Home  >  Article  >  Technology peripherals  >  A single card can run AI painting models. Tutorials that even novices can understand are here. Free NPU computing power is available with 1 million cards.

A single card can run AI painting models. Tutorials that even novices can understand are here. Free NPU computing power is available with 1 million cards.

WBOY
WBOYforward
2023-04-12 18:16:081412browse

I believe everyone is familiar with the recent popularity of AI drawing.

From the works generated by AI drawing software to defeating many human artists and winning the digital art championship, to now, domestic and foreign platforms such as DALL.E, Imagen, and novelai have flourished.

Perhaps you have clicked on relevant websites and tried to let AI describe the scenery in your mind, or uploaded a handsome/beautiful photo of yourself, and then laughed and laughed at the rough guy finally generated.

So, while you are feeling the charm of AI drawing, have you ever thought about it (no, you must have), what is the mystery behind it?

A single card can run AI painting models. Tutorials that even novices can understand are here. Free NPU computing power is available with 1 million cards.

△The work that won the digital art category championship at the Colorado Technology Expo in the United States - "Space Opera"

Everything starts from a project called Speaking of the DDPM model...

What is DDPM?

DDPM model, the full name is Denoising Diffusion Probabilistic Model, can be said to be the originator of the current diffusion model.

Different from predecessors such as GAN, VAE and flow models, the overall idea of ​​the diffusion model is to gradually generate an image from a pure noise image through an optimization-oriented approach.

A single card can run AI painting models. Tutorials that even novices can understand are here. Free NPU computing power is available with 1 million cards.

△Now there is a comparison of generated image models

Some friends may ask, what is a pure noise image?

It's very simple. When there is no signal on the old TV, the snowflake pictures that appear accompanied by the "prickling" noise are pure noise pictures.

What DDPM does in the generation phase is to remove these "snowflakes" bit by bit until the clear image reveals its true appearance. We call this stage "denoising".

A single card can run AI painting models. Tutorials that even novices can understand are here. Free NPU computing power is available with 1 million cards.

△Pure noise picture: Snowflake screen of old TV

Through the description, you can feel that denoising is actually a quite complicated process.

There is no certain rule for denoising. Maybe you have been busy for a long time, but in the end you still want to cry in front of the weird pictures.

Of course, different types of pictures will also have different denoising rules. As for how to let the machine learn this rule, someone had an idea and thought of a wonderful method:

Since the denoising rules are difficult to learn, why don’t I first turn a picture into a pure noise image by adding noise, and then do the whole process in reverse?

This establishes the entire training-inference process of the diffusion model: first, by gradually adding noise in the forward process, the image is converted into a pure noise image that approximates a Gaussian distribution;

Then gradually denoise in the reverse process to generate the image;

Finally, with the goal of increasing the similarity between the original image and the generated image, the model is optimized until it reaches ideal effect. ​

A single card can run AI painting models. Tutorials that even novices can understand are here. Free NPU computing power is available with 1 million cards.

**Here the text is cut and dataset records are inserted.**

lemma integrable_det_goe_mat:
  assumes I: "goe_index m \<subseteq> I" "finite I" and n: "0 < n"
  shows "integrable (PiM I (goe_entry n)) (\<lambda>w. det (goe_mat m w + t \<cdot>\<^sub>m 1\<^sub>m m))"
proof -
  interpret product_prob_space "goe_entry n" by (rule product_prob_space_goe_entry[OF n])
  have "integrable (PiM I (goe_entry n)) (\<lambda>w. \<Prod>j\<in>I. (1 + \<bar>w j\<bar>) ^ m)"
    using n by (intro product_integrable_prod I(2))
      (simp add: goe_entry_def integrable_normal_one_plus_abs_pow goe_sd_pos)
  then have "integrable (PiM I (goe_entry n))
      (\<lambda>w. fact m * (1 + \<bar>t\<bar>) ^ m * (\<Prod>j\<in>I. (1 + \<bar>w j\<bar>) ^ m))"
    by simp
  then show ?thesis
    by (rule Bochner_Integration.integrable_bound)
      (auto intro!: AE_I2 borel_measurable_det_goe_mat[OF I(1)] abs_det_goe_mat_le[OF I]
        simp: abs_mult abs_prod)
qed

lemma integral_det_goe_mat_leading_block:
  assumes m: "0 < m" and mn: "m \<le> n"
  defines "c \<equiv> sqrt (real m / real n)"
  shows "(\<integral>w. det (goe_mat m w + t \<cdot>\<^sub>m 1\<^sub>m m) \<partial>goe n)
       = c ^ m * (\<integral>w. det (goe_mat m w + (t / c) \<cdot>\<^sub>m 1\<^sub>m m) \<partial>goe m)"
proof -
  have n: "0 < n" using m mn by simp
  have c: "0 < c" using m n by (simp add: c_def)
  interpret product_prob_space "goe_entry n" by (rule product_prob_space_goe_entry[OF n])
  let ?J = "goe_index m"
  have entry_n: "goe_entry n = (\<lambda>ij. density lborel (normal_density 0 (c * goe_sd m ij)))"
    unfolding c_def goe_sd_rescale[OF m n] goe_entry_def ..
  have scaled: "goe_mat m (\<lambda>ij\<in>?J. c * w ij) + t \<cdot>\<^sub>m 1\<^sub>m m = c \<cdot>\<^sub>m (goe_mat m w + (t / c) \<cdot>\<^sub>m 1\<^sub>m m)" for w
    using c by (intro eq_matI) (auto simp: goe_mat_def goe_index_def algebra_simps)
  have "(\<integral>w. det (goe_mat m w + t \<cdot>\<^sub>m 1\<^sub>m m) \<partial>goe n)
      = (\<integral>w. det (goe_mat m w + t \<cdot>\<^sub>m 1\<^sub>m m) \<partial>PiM ?J (goe_entry n))"
    unfolding goe_eq_PiM
    by (intro integral_PiM_subset goe_index_mono mn finite_goe_index borel_measurable_det_goe_mat)
      (auto simp: goe_mat_restrict)
  also have "\<dots> = (\<integral>w. det (c \<cdot>\<^sub>m (goe_mat m w + (t / c) \<cdot>\<^sub>m 1\<^sub>m m)) \<partial>goe m)"
    unfolding entry_n goe_eq_PiM goe_entry_def scaled[symmetric]
    using m by (intro integral_PiM_normal_scale finite_goe_index goe_sd_pos c borel_measurable_det_goe_mat)
      auto
  also have "\<dots> = c ^ m * (\<integral>w. det (goe_mat m w + (t / c) \<cdot>\<^sub>m 1\<^sub>m m) \<partial>goe m)"
    by (simp add: goe_mat_def)
  finally show ?thesis .
qed

lemma det_goe_mat_minus_corner:
  fixes m :: nat
  defines "n \<equiv> Suc m"
  shows "det (goe_mat n w - f \<cdot>\<^sub>m (mat_of_cols n [unit_vec n m] * mat_of_rows n [unit_vec n m])
              + s \<cdot>\<^sub>m 1\<^sub>m n)
       = det (goe_mat n w + s \<cdot>\<^sub>m 1\<^sub>m n) - f * det (goe_mat m w + s \<cdot>\<^sub>m 1\<^sub>m m)"
proof -
  let ?E = "mat_of_cols n [unit_vec n m] * mat_of_rows n [unit_vec n m]"
  have carrier: "goe_mat n w + s \<cdot>\<^sub>m 1\<^sub>m n \<in> carrier_mat n n"
    by (simp add: goe_mat_def)
  have "goe_mat n w - f \<cdot>\<^sub>m ?E + s \<cdot>\<^sub>m 1\<^sub>m n = (goe_mat n w + s \<cdot>\<^sub>m 1\<^sub>m n) - f \<cdot>\<^sub>m ?E"
    by (intro eq_matI) (auto simp: goe_mat_def n_def)
  moreover have "mat_delete (goe_mat n w + s \<cdot>\<^sub>m 1\<^sub>m n) m m = goe_mat m w + s \<cdot>\<^sub>m 1\<^sub>m m"
    by (intro eq_matI) (auto simp: mat_delete_def goe_mat_def n_def)
  ultimately show ?thesis
    using det_minus_smult_unit_outer[OF carrier, of m f] by (simp add: n_def)
qed

lemma integral_det_goe_mat_minus_corner:
  fixes m :: nat
  assumes m: "0 < m"
  defines "n \<equiv> Suc m" and "c \<equiv> sqrt (real m / real (Suc m))"
  shows "(\<integral>w. det (goe_mat n w - f \<cdot>\<^sub>m (mat_of_cols n [unit_vec n m] * mat_of_rows n [unit_vec n m])
              + s \<cdot>\<^sub>m 1\<^sub>m n) \<partial>goe n)
       = (\<integral>w. det (goe_mat n w + s \<cdot>\<^sub>m 1\<^sub>m n) \<partial>goe n)
         - f * c ^ m * (\<integral>w. det (goe_mat m w + (s / c) \<cdot>\<^sub>m 1\<^sub>m m) \<partial>goe m)"
proof -
  have n: "0 < n" "m \<le> n" by (simp_all add: n_def)
  have integrable: "integrable (goe n) (\<lambda>w. det (goe_mat k w + s \<cdot>\<^sub>m 1\<^sub>m k))" if "k \<le> n" for k
    unfolding goe_eq_PiM
    by (intro integrable_det_goe_mat goe_index_mono that finite_goe_index n)
  have "(\<integral>w. det (goe_mat n w - f \<cdot>\<^sub>m (mat_of_cols n [unit_vec n m] * mat_of_rows n [unit_vec n m])
              + s \<cdot>\<^sub>m 1\<^sub>m n) \<partial>goe n)
      = (\<integral>w. det (goe_mat n w + s \<cdot>\<^sub>m 1\<^sub>m n) \<partial>goe n)
        - f * (\<integral>w. det (goe_mat m w + s \<cdot>\<^sub>m 1\<^sub>m m) \<partial>goe n)"
    unfolding n_def det_goe_mat_minus_corner
    using integrable[OF order_refl] integrable[OF n(2)] by (simp add: n_def)
  also have "(\<integral>w. det (goe_mat m w + s \<cdot>\<^sub>m 1\<^sub>m m) \<partial>goe n)
      = c ^ m * (\<integral>w. det (goe_mat m w + (s / c) \<cdot>\<^sub>m 1\<^sub>m m) \<partial>goe m)"
    unfolding c_def n_def by (rule integral_det_goe_mat_leading_block[OF m le_SucI[OF order_refl]])
  finally show ?thesis by (simp add: mult.assoc)
qed

theorem lemmaA6:
  fixes N :: nat and f s :: real
  assumes "N \<ge> 3"
  shows "(\<integral>w. det (goe_mat (N - 1) w
              - f \<cdot>\<^sub>m (mat_of_cols (N - 1) [unit_vec (N - 1) (N - 2)]
                   * mat_of_rows (N - 1) [unit_vec (N - 1) (N - 2)])
              + s \<cdot>\<^sub>m 1\<^sub>m (N - 1)) \<partial>goe (N - 1))
       = (\<integral>w. det (goe_mat (N - 1) w + s \<cdot>\<^sub>m 1\<^sub>m (N - 1)) \<partial>goe (N - 1))
         - f * ((real N - 2) / (real N - 1)) powr ((real N - 2) / 2)
             * (\<integral>w. det (goe_mat (N - 2) w
                   + (sqrt ((real N - 1) / (real N - 2)) * s) \<cdot>\<^sub>m 1\<^sub>m (N - 2)) \<partial>goe (N - 2))"
proof -
  define m where "m = N - 2"
  have m: "0 < m" and N1: "N - 1 = Suc m" using assms by (simp_all add: m_def)
  have reals: "real N - 1 = real (Suc m)" "real N - 2 = real m"
    using assms by (simp_all add: m_def of_nat_diff)
  define c where "c = sqrt (real m / real (Suc m))"
  have "(real m / real (Suc m)) powr (real m / 2) = c ^ m"
    using m by (simp add: c_def powr_half_sqrt[symmetric] powr_powr flip: powr_realpow)
  moreover have "sqrt (real (Suc m) / real m) * s = s / c"
    using m by (simp add: c_def real_sqrt_divide field_simps)
  ultimately show ?thesis
    unfolding N1 reals m_def[symmetric]
    using integral_det_goe_mat_minus_corner[OF m, of f s] by (simp add: c_def)
qed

△DDPM’s training-inference process

At this point, I wonder how everyone will accept it? If you feel that there is no problem and it is easy, get ready, I am going to start using the ultimate move (in-depth theory).

1.1.1 Forward process

The forward process is also called the diffusion process, and the whole is a parameterized Markov Chain (Markov chain). Starting from the initial data distribution x0~q(x), Gaussian noise is added to the data distribution at each step for T times. The process from step t-1 xt-1 to step t xt can be expressed by Gaussian distribution as:

A single card can run AI painting models. Tutorials that even novices can understand are here. Free NPU computing power is available with 1 million cards.

With appropriate settings, as t continues to increase , the original data x0 will gradually lose its characteristics. We can understand that after an infinite number of noise addition steps, the final data xT will become a picture without any features and completely random noise, which is what we first called the "snowflake screen".

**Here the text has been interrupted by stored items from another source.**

lemma convex_C_G: "convex (C_G lam G)"
  unfolding C_G_eq_Inter_halfspaces by (intro convex_INT convex_halfspace_le)

lemma cone_C_G: "cone (C_G lam G)"
  unfolding C_G_eq_Inter_halfspaces by (auto simp: cone_def inner_scaleR_right mult_nonneg_nonpos)

lemma interior_C_G_if_uniform_margin:
  assumes "norm lam \<le> 1" and "\<forall>\<beta>\<in>G. norm \<beta> \<le> 1" and "\<eta> > 0"
    and "\<forall>\<beta>\<in>G. \<beta> \<bullet> y - lam \<bullet> x \<le> - \<eta>"
  shows "(x, y) \<in> interior (C_G lam G)"
  unfolding mem_interior
proof (intro exI conjI)
  show "\<eta> / 2 > 0"
    using assms(3) by simp
  show "ball (x, y) (\<eta> / 2) \<subseteq> C_G lam G"
  proof
    fix z
    assume near: "z \<in> ball (x, y) (\<eta> / 2)"
    obtain x' y' where z: "z = (x', y')"
      by fastforce
    have "norm (x' - x) < \<eta> / 2" and "norm (y' - y) < \<eta> / 2"
      using near dist_fst_le[of "(x, y)" z] dist_snd_le[of "(x, y)" z]
      by (simp_all add: z dist_norm norm_minus_commute)
    show "z \<in> C_G lam G"
      unfolding z mem_C_G
    proof
      fix \<beta>
      assume "\<beta> \<in> G"
      have "\<beta> \<bullet> (y' - y) \<le> norm (y' - y)" and "- (lam \<bullet> (x' - x)) \<le> norm (x' - x)"
        using Cauchy_Schwarz_ineq2[of \<beta> "y' - y"] Cauchy_Schwarz_ineq2[of lam "x' - x"]
          assms(1,2) \<open>\<beta> \<in> G\<close> mult_right_le_one_le[of "norm (y' - y)" "norm \<beta>"]
          mult_right_le_one_le[of "norm (x' - x)" "norm lam"]
        by (auto simp: mult.commute)
      moreover have "\<beta> \<bullet> y' - lam \<bullet> x' = (\<beta> \<bullet> y - lam \<bullet> x) + \<beta> \<bullet> (y' - y) - lam \<bullet> (x' - x)"
        by (simp add: inner_diff_right)
      ultimately show "\<beta> \<bullet> y' \<le> lam \<bullet> x'"
        using assms(4) \<open>\<beta> \<in> G\<close> \<open>norm (x' - x) < \<eta> / 2\<close> \<open>norm (y' - y) < \<eta> / 2\<close> by fastforce
    qed
  qed
qed

lemma not_in_interior_C_G:
  assumes "\<beta> \<in> G" and "\<beta> \<noteq> 0" and "lam \<bullet> x \<le> \<beta> \<bullet> y"
  shows "(x, y) \<notin> interior (C_G lam G)"
proof
  assume "(x, y) \<in> interior (C_G lam G)"
  then obtain \<epsilon> where "\<epsilon> > 0" and ball: "ball (x, y) \<epsilon> \<subseteq> C_G lam G"
    using mem_interior by blast
  define s where "s = \<epsilon> / (2 * norm \<beta>)"
  have "s > 0" and "s * norm \<beta> < \<epsilon>"
    using \<open>\<epsilon> > 0\<close> assms(2) by (simp_all add: s_def)
  then have "(x, y + s *\<^sub>R \<beta>) \<in> C_G lam G"
    using ball by (auto simp: dist_Pair_Pair dist_norm)
  then have "\<beta> \<bullet> y + s * (\<beta> \<bullet> \<beta>) \<le> lam \<bullet> x"
    using assms(1) by (simp add: mem_C_G inner_add_right)
  moreover have "\<beta> \<bullet> \<beta> > 0"
    using assms(2) by simp
  ultimately show False
    using assms(3) \<open>s > 0\<close> by (smt (verit) mult_pos_pos)
qed

lemma S_free_C_G:
  fixes a lam :: "real^'n" and d :: "real^'m"
  assumes "CARD('m) \<ge> 2" and "norm lam = 1" and "norm a \<le> norm d"
  shows "S_free (S_le0 a d) (C_G lam (G_set a d lam))"
  unfolding S_free_def
proof (intro conjI convex_C_G equals0I)
  fix z
  assume z: "z \<in> interior (C_G lam (G_set a d lam)) \<inter> S_le0 a d"
  obtain x y where "z = (x, y)"
    by fastforce
  obtain \<beta> where "\<beta> \<in> G_set a d lam" and "lam \<bullet> x \<le> \<beta> \<bullet> y"
    using S_le0_exists_G_set_ge[OF assms] z \<open>z = (x, y)\<close> by blast
  moreover have "\<beta> \<noteq> 0"
    using \<open>\<beta> \<in> G_set a d lam\<close> by (auto simp: G_set_def)
  ultimately show False
    using not_in_interior_C_G z \<open>z = (x, y)\<close> by blast
qed

lemma inner_perturbed_unit_pair_le:
  fixes lam u :: "'a::real_inner" and \<beta> \<beta>\<^sub>0 v :: "'b::real_inner"
  assumes "norm lam = 1" and "norm \<beta> = 1" and "norm \<beta>\<^sub>0 = 1" and "0 \<le> \<theta>"
    and "\<theta> * (norm v)\<^sup>2 \<le> \<beta>\<^sub>0 \<bullet> v - lam \<bullet> u"
  shows "\<beta> \<bullet> (\<beta>\<^sub>0 - \<theta> *\<^sub>R v) - lam \<bullet> (lam - \<theta> *\<^sub>R u) \<le> - (\<theta> * (\<beta>\<^sub>0 \<bullet> v - lam \<bullet> u) / 2)"
proof -
  define \<delta> e where "\<delta> = \<beta>\<^sub>0 \<bullet> v - lam \<bullet> u" and "e = \<beta> - \<beta>\<^sub>0"
  have unit: "\<beta> \<bullet> \<beta> = 1" "\<beta>\<^sub>0 \<bullet> \<beta>\<^sub>0 = 1" "lam \<bullet> lam = 1"
    using assms(1-3) by (simp_all add: dot_square_norm)
  have "(norm e)\<^sup>2 = 2 - 2 * (\<beta> \<bullet> \<beta>\<^sub>0)"
    unfolding power2_norm_eq_inner e_def
    by (simp add: inner_diff_left inner_diff_right inner_commute[of \<beta>\<^sub>0 \<beta>] unit)
  moreover have "\<beta> \<bullet> (\<beta>\<^sub>0 - \<theta> *\<^sub>R v) - lam \<bullet> (lam - \<theta> *\<^sub>R u) = \<beta> \<bullet> \<beta>\<^sub>0 - 1 - \<theta> * (\<beta> \<bullet> v) + \<theta> * (lam \<bullet> u)"
    by (simp add: inner_diff_right unit)
  moreover have "\<theta> * (e \<bullet> v) = \<theta> * (\<beta> \<bullet> v) - \<theta> * (\<beta>\<^sub>0 \<bullet> v)"
    by (simp add: e_def inner_diff_left right_diff_distrib)
  moreover have "- (\<theta> * (e \<bullet> v)) \<le> (norm e)\<^sup>2 / 2 + (\<theta> * norm v)\<^sup>2 / 2"
  proof -
    have "- (e \<bullet> v) \<le> norm e * norm v"
      using Cauchy_Schwarz_ineq2[of e v] by linarith
    from mult_left_mono[OF this assms(4)]
    have "- (\<theta> * (e \<bullet> v)) \<le> norm e * (\<theta> * norm v)"
      by (simp add: ac_simps)
    also have "\<dots> \<le> (norm e)\<^sup>2 / 2 + (\<theta> * norm v)\<^sup>2 / 2"
      using sum_squares_ge_zero[of "norm e - \<theta> * norm v" 0] by (simp add: power2_eq_square algebra_simps)
    finally show ?thesis .
  qed
  moreover have "(\<theta> * norm v)\<^sup>2 \<le> \<theta> * \<delta>"
    using mult_left_mono[OF assms(5) assms(4)] by (simp add: \<delta>_def power2_eq_square ac_simps)
  moreover have "\<theta> * \<delta> = \<theta> * (\<beta>\<^sub>0 \<bullet> v) - \<theta> * (lam \<bullet> u)"
    by (simp add: \<delta>_def right_diff_distrib)
  ultimately show ?thesis
    unfolding \<delta>_def[symmetric] by linarith
qed

lemma interior_convex_superset_of_cone:
  fixes C C' :: "'a::euclidean_space set"
  assumes "cone C" and "C \<subseteq> C'" and "convex C'" and "z \<in> C'"
    and "0 < \<theta>" and "\<theta> < 1" and "p - \<theta> *\<^sub>R z \<in> interior C"
  shows "p \<in> interior C'"
proof -
  define q where "q = (1 / (1 - \<theta>)) *\<^sub>R (p - \<theta> *\<^sub>R z)"
  have "(*\<^sub>R) (1 / (1 - \<theta>)) ` interior C \<subseteq> C'"
  proof (rule image_subsetI)
    fix c
    assume "c \<in> interior C"
    then have "(1 / (1 - \<theta>)) *\<^sub>R c \<in> C"
      using assms(1,6) interior_subset mem_cone by fastforce
    then show "(1 / (1 - \<theta>)) *\<^sub>R c \<in> C'"
      using assms(2) by blast
  qed
  moreover have "open ((*\<^sub>R) (1 / (1 - \<theta>)) ` interior C)"
    using assms(6) by (intro open_scaling) auto
  moreover have "q \<in> (*\<^sub>R) (1 / (1 - \<theta>)) ` interior C"
    unfolding q_def using assms(7) by (rule imageI)
  ultimately have "q \<in> interior C'"
    using interior_maximal by blast
  then have "z - (1 - \<theta>) *\<^sub>R (z - q) \<in> interior C'"
    using assms(3-6) by (intro mem_interior_convex_shrink) auto
  moreover have "(1 - \<theta>) *\<^sub>R q = p - \<theta> *\<^sub>R z"
    using assms(6) by (simp add: q_def)
  then have "z - (1 - \<theta>) *\<^sub>R (z - q) = p"
    by (simp only: scaleR_diff_right) (simp add: algebra_simps)
  ultimately show ?thesis
    by simp
qed

lemma convex_superset_C_G_interior:
  fixes lam :: "real^'n" and G :: "(real^'m) set"
  assumes "norm lam = 1" and "\<forall>\<beta>\<in>G. norm \<beta> = 1"
    and "convex C'" and "C_G lam G \<subseteq> C'" and "C' \<noteq> C_G lam G"
  obtains \<beta>\<^sub>0 where "\<beta>\<^sub>0 \<in> G" and "(lam, \<beta>\<^sub>0) \<in> interior C'"
proof -
  obtain u v where "(u, v) \<in> C'" and "(u, v) \<notin> C_G lam G"
    using assms(4,5) by auto
  then obtain \<beta>\<^sub>0 where "\<beta>\<^sub>0 \<in> G" and "lam \<bullet> u < \<beta>\<^sub>0 \<bullet> v"
    by (auto simp: mem_C_G not_le)
  define \<delta> where "\<delta> = \<beta>\<^sub>0 \<bullet> v - lam \<bullet> u"
  define \<theta> where "\<theta> = min (1 / 2) (\<delta> / ((norm v)\<^sup>2 + 1))"
  have "\<delta> > 0"
    using \<open>lam \<bullet> u < \<beta>\<^sub>0 \<bullet> v\<close> by (simp add: \<delta>_def)
  then have "0 < \<theta>" and "\<theta> < 1"
    by (simp_all add: \<theta>_def add_nonneg_pos)
  have "\<theta> \<le> \<delta> / ((norm v)\<^sup>2 + 1)"
    by (simp add: \<theta>_def)
  then have "\<theta> * ((norm v)\<^sup>2 + 1) \<le> \<delta>"
    by (simp add: pos_le_divide_eq add_nonneg_pos)
  then have small: "\<theta> * (norm v)\<^sup>2 \<le> \<delta>"
    using \<open>0 < \<theta>\<close> by (simp add: algebra_simps)
  have "\<forall>\<beta>\<in>G. \<beta> \<bullet> (\<beta>\<^sub>0 - \<theta> *\<^sub>R v) - lam \<bullet> (lam - \<theta> *\<^sub>R u) \<le> - (\<theta> * \<delta> / 2)"
    using inner_perturbed_unit_pair_le[OF assms(1) _ _ _ small[unfolded \<delta>_def]]
      assms(2) \<open>\<beta>\<^sub>0 \<in> G\<close> \<open>0 < \<theta>\<close> by (simp add: \<delta>_def)
  then have "(lam - \<theta> *\<^sub>R u, \<beta>\<^sub>0 - \<theta> *\<^sub>R v) \<in> interior (C_G lam G)"
    using assms(1,2) \<open>0 < \<theta>\<close> \<open>\<delta> > 0\<close> by (intro interior_C_G_if_uniform_margin) auto
  then have "(lam, \<beta>\<^sub>0) - \<theta> *\<^sub>R (u, v) \<in> interior (C_G lam G)"
    by simp
  then have "(lam, \<beta>\<^sub>0) \<in> interior C'"
    using interior_convex_superset_of_cone[OF cone_C_G assms(4,3) \<open>(u, v) \<in> C'\<close> \<open>0 < \<theta>\<close> \<open>\<theta> < 1\<close>]
    by blast
  then show thesis
    using that \<open>\<beta>\<^sub>0 \<in> G\<close> by blast
qed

In this process, the changes at each step can be controlled by setting the hyperparameter βt. Under the premise that we know what the first picture is, the entire process of forward noise can be said to be known. And it is controllable, we can completely know what the generated data looks like at each step.

But the problem is that each calculation needs to start from the starting point, combine the process of each step, and slowly derive it to the certain step data xt you want, which is too troublesome. Fortunately, because of some characteristics of the Gaussian distribution, we can get xt directly from x0 in one step. ​

Note, the

here

A single card can run AI painting models. Tutorials that even novices can understand are here. Free NPU computing power is available with 1 million cards.

and A single card can run AI painting models. Tutorials that even novices can understand are here. Free NPU computing power is available with 1 million cards. are combination coefficients, which are essentially βt expressions of hyperparameters.

A single card can run AI painting models. Tutorials that even novices can understand are here. Free NPU computing power is available with 1 million cards.

1.1.2 Reverse process

The same as the forward process, the reverse process is also a Marl Markov chain, but the parameters used here are different. As for the specific parameters, this is what we need the machine to learn.

Before understanding how the machine learns, we first think about what the process of accurately inferring back to step t-1 xt-1 from step t xt based on a certain original data x0 should be?

The answer is that this can still be expressed by Gaussian distribution:

A single card can run AI painting models. Tutorials that even novices can understand are here. Free NPU computing power is available with 1 million cards.

Note that x0 must be considered here, which means that the final image generated by the reverse process still needs to be compared with related to the original data. If you input a picture of a cat, the image generated by the model should be of a cat. If you input a picture of a dog, the image generated by the model should also be related to a dog. If x0 is removed, no matter what type of image training is input, the final images generated by diffusion will be the same, "cats and dogs are not distinguished".

After a series of derivation, we found that the parameters in the reverse process

A single card can run AI painting models. Tutorials that even novices can understand are here. Free NPU computing power is available with 1 million cards.

and

A single card can run AI painting models. Tutorials that even novices can understand are here. Free NPU computing power is available with 1 million cards.

, it can still be represented by x0, xt, and parameters βt, A single card can run AI painting models. Tutorials that even novices can understand are here. Free NPU computing power is available with 1 million cards., isn’t it amazing~

A single card can run AI painting models. Tutorials that even novices can understand are here. Free NPU computing power is available with 1 million cards.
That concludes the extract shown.